Come recensire uno smartphone

Quando ho la fortuna di avere in anteprima, o comunque sulla mia scrivania, un terminale da recensire scatta un problema di metodo: come devo affrontarlo? A quale pubblico devo parlare? Prendiamo il caso del P40 Pro: hardware da paura, software orfano di Google. È un telefono fantastico, ma devo raccontarlo a chi è uno smanettone come me o al grande pubblico? (nel caso specifico ho scelto di rivolgermi a chi era motivato a pensare all’acquisto del P40, altre volte mi comporto diversamente)

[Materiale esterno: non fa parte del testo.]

lemma Liminf_ereal_pos_obtain:
  fixes f :: "nat \<Rightarrow> real"
  assumes "0 < Liminf sequentially (\<lambda>t. ereal (f t))"
  obtains r T where "0 < r" "\<And>t. T \<le> t \<Longrightarrow> r < f t"
proof -
  obtain r where r: "0 < ereal r" "ereal r < Liminf sequentially (\<lambda>t. ereal (f t))"
    using ereal_dense2[OF assms] by blast
  have "\<forall>\<^sub>F t in sequentially. ereal r < ereal (f t)"
    by (rule less_LiminfD[OF r(2)])
  then show ?thesis
    using that r(1) unfolding eventually_sequentially by auto
qed

lemma traj_obtain_sign_conj_positive:
  assumes "social_balance (traj X0 t0)"
  obtains s Y where "\<forall>i. \<bar>s i\<bar> = 1" "positive_matrix Y"
    "\<And>k. traj X0 (t0 + k) = sign_conj s ((f_IbM ^^ k) Y)"
proof -
  obtain s where s: "\<forall>i. \<bar>s i\<bar> = 1" "positive_matrix (sign_conj s (traj X0 t0))"
    using social_balance_obtain_sign_conj[OF assms] .
  have "traj X0 (t0 + k) = sign_conj s ((f_IbM ^^ k) (sign_conj s (traj X0 t0)))" for k
    unfolding traj_add funpow_f_IbM_sign_conj[OF s(1)] sign_conj_sign_conj[OF s(1)] ..
  then show ?thesis
    using that s by blast
qed

lemma balanced_traj_Liminf_min_abs_entry_pos:
  assumes "social_balance (traj X0 t0)"
  shows "0 < Liminf sequentially (\<lambda>t. ereal (min_abs_entry (traj X0 t)))"
proof -
  obtain s Y where s: "\<forall>i. \<bar>s i\<bar> = 1" and Y: "positive_matrix Y"
    and traj: "\<And>k. traj X0 (t0 + k) = sign_conj s ((f_IbM ^^ k) Y)"
    using traj_obtain_sign_conj_positive[OF assms] by blast
  define m where "m = Min (range (col_min Y))"
  have "0 < m"
    unfolding m_def using positive_matrix_col_min[OF Y] by (subst Min_gr_iff) auto
  moreover have "m \<le> min_abs_entry (traj X0 t)" if "t0 \<le> t" for t
  proof (rule min_abs_entry_ge)
    fix i j
    have "m \<le> col_min Y j"
      unfolding m_def by (rule Min_le) auto
    also have "\<dots> \<le> (f_IbM ^^ (t - t0)) Y $ i $ j"
      using funpow_f_IbM_col_min_max[OF Y] by blast
    finally show "m \<le> \<bar>traj X0 t $ i $ j\<bar>"
      using traj[of "t - t0"] that abs_sign_conj_nth[OF s] by simp
  qed
  ultimately show ?thesis
    by (intro Liminf_ereal_pos_if_eventually_ge) (auto simp: eventually_sequentially)
qed

lemma tendsto_sign_conj:
  "(F \<longlongrightarrow> X) G \<Longrightarrow> ((\<lambda>t. sign_conj s (F t)) \<longlongrightarrow> sign_conj s X) G"
  by (intro vec_tendstoI) (simp add: tendsto_mult_left tendsto_vec_nth)

lemma balanced_traj_tendsto_rank_1_Q_IbM:
  fixes X0 :: "real^('n::{finite,linorder})^('n::{finite,linorder})"
  assumes "social_balance (traj X0 t0)"
  shows "\<exists>Xs\<in>Q_IbM. rank Xs = 1 \<and> traj X0 \<longlonglongrightarrow> Xs"
proof -
  obtain s Y where s: "\<forall>i. \<bar>s i\<bar> = 1" and Y: "positive_matrix Y"
    and traj: "\<And>k. traj X0 (t0 + k) = sign_conj s ((f_IbM ^^ k) Y)"
    using traj_obtain_sign_conj_positive[OF assms] by blast
  obtain c where c: "\<forall>j. 0 < c j" and lim: "(\<lambda>k. (f_IbM ^^ k) Y) \<longlonglongrightarrow> (\<chi> i j. c j)"
    using positive_consensus[OF Y] .
  have "(\<lambda>k. traj X0 (k + t0)) = (\<lambda>k. sign_conj s ((f_IbM ^^ k) Y))"
    using traj by (simp add: add.commute)
  then have "(\<lambda>k. traj X0 (k + t0)) \<longlonglongrightarrow> sign_conj s (\<chi> i j. c j)"
    using tendsto_sign_conj[OF lim, of s] by simp
  then have "traj X0 \<longlonglongrightarrow> sign_conj s (\<chi> i j. c j)"
    by (rule LIMSEQ_offset)
  then show ?thesis
    using sign_conj_consensus_in_Q_IbM[OF s c] by blast
qed

lemma eventually_sgn_eq_if_tendsto:
  fixes X :: "real^'n^'m"
  assumes "(F \<longlongrightarrow> X) G" "\<forall>i j. X$i$j \<noteq> 0"
  shows "\<forall>\<^sub>F t in G. \<forall>i j. sgn (F t $ i $ j) = sgn (X$i$j)"
proof -
  have "\<forall>\<^sub>F t in G. sgn (F t $ i $ j) = sgn (X$i$j)" for i j
  proof -
    have lim: "((\<lambda>t. F t $ i $ j) \<longlongrightarrow> X$i$j) G"
      using assms(1) by (intro tendsto_vec_nth)
    consider "0 < X$i$j" | "X$i$j < 0"
      using assms(2) by fastforce
    then show ?thesis
    proof cases
      case 1
      from order_tendstoD(1)[OF lim 1] show ?thesis
        by (rule eventually_mono) (use 1 in simp)
    next
      case 2
      from order_tendstoD(2)[OF lim 2] show ?thesis
        by (rule eventually_mono) (use 2 in simp)
    qed
  qed
  then show ?thesis
    by (intro eventually_all_finite)
qed

lemma tendsto_rank_1_Q_IbM_eventually_balanced:
  fixes Xs :: "real^('n::{finite,linorder})^('n::{finite,linorder})"
  assumes "Xs \<in> Q_IbM" "rank Xs = 1" "traj X0 \<longlonglongrightarrow> Xs"
  shows "\<exists>t0. \<forall>t\<ge>t0. social_balance (traj X0 t)"
proof -
  obtain \<sigma> c where \<sigma>: "\<forall>i. \<bar>\<sigma> i\<bar> = 1" and c: "\<forall>j. 0 < c j"
    and Xs: "Xs = sign_conj \<sigma> (\<chi> i j. c j)"
    using rank_1_Q_IbM_obtain_sign_conj[OF assms(1,2)] .
  have "positive_matrix (\<chi> i j. c j)"
    using c unfolding positive_matrix_def by simp
  then have "social_balance Xs"
    unfolding Xs by (rule social_balance_sign_conj_positive[OF \<sigma>])
  moreover have "\<forall>i j. Xs$i$j \<noteq> 0"
    using \<sigma> c unfolding Xs by (metis abs_0 less_irrefl mult_eq_0_iff sign_conj_nth vec_lambda_beta zero_neq_one)
  then have "\<forall>\<^sub>F t in sequentially. \<forall>i j. sgn (traj X0 t $ i $ j) = sgn (Xs$i$j)"
    by (rule eventually_sgn_eq_if_tendsto[OF assms(3)])
  ultimately show ?thesis
    unfolding eventually_sequentially by (metis social_balance_if_sgn_eq)
qed

subsection \<open>A Lyapunov function on the rs-symmetric matrices\<close>

lemma S_rs_symm_diag_pos: "X \<in> S_rs_symm \<Longrightarrow> 0 < X$i$i"
  unfolding S_rs_symm_def by blast

lemma S_rs_symm_sgn_sym: "X \<in> S_rs_symm \<Longrightarrow> sgn (X$i$j) = sgn (X$j$i)"
  unfolding S_rs_symm_def by blast

lemma S_rs_symm_row_abs_sum_pos: "X \<in> S_rs_symm \<Longrightarrow> 0 < row_abs_sum X i"
  using abs_le_row_abs_sum[of X i i] S_rs_symm_diag_pos[of X i] by linarith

Il problema che riscontro, sempre, è che il mio entusiasmo per la tecnologia mi mette sul naso un paio di occhiali che non sono come quelli che inforco per guardare da lontano: ci sono telefoni sulla carta molto interessanti che però venderanno poche migliaia di esemplari, semplicemente perché il marchio ha un certo successo tra gli addetti ai lavori ma viene sostanzialmente snobbato dal pubblico. Al consumatore finale non interessa se, scaricando un apk da fonti astruse su Telegram o su APKPure, riesco a scattare le foto meglio che con l’app di serie: lui usa l’app di serie, non ha tempo di stare come me a smanettare, installare, rimuovere, installare, provare e lanciare urla ogni volta che qualcosa non funziona come mi aspetto. Ha comprato un cellulare e vuole usarlo: non perderci giornate intere per farlo funzionare.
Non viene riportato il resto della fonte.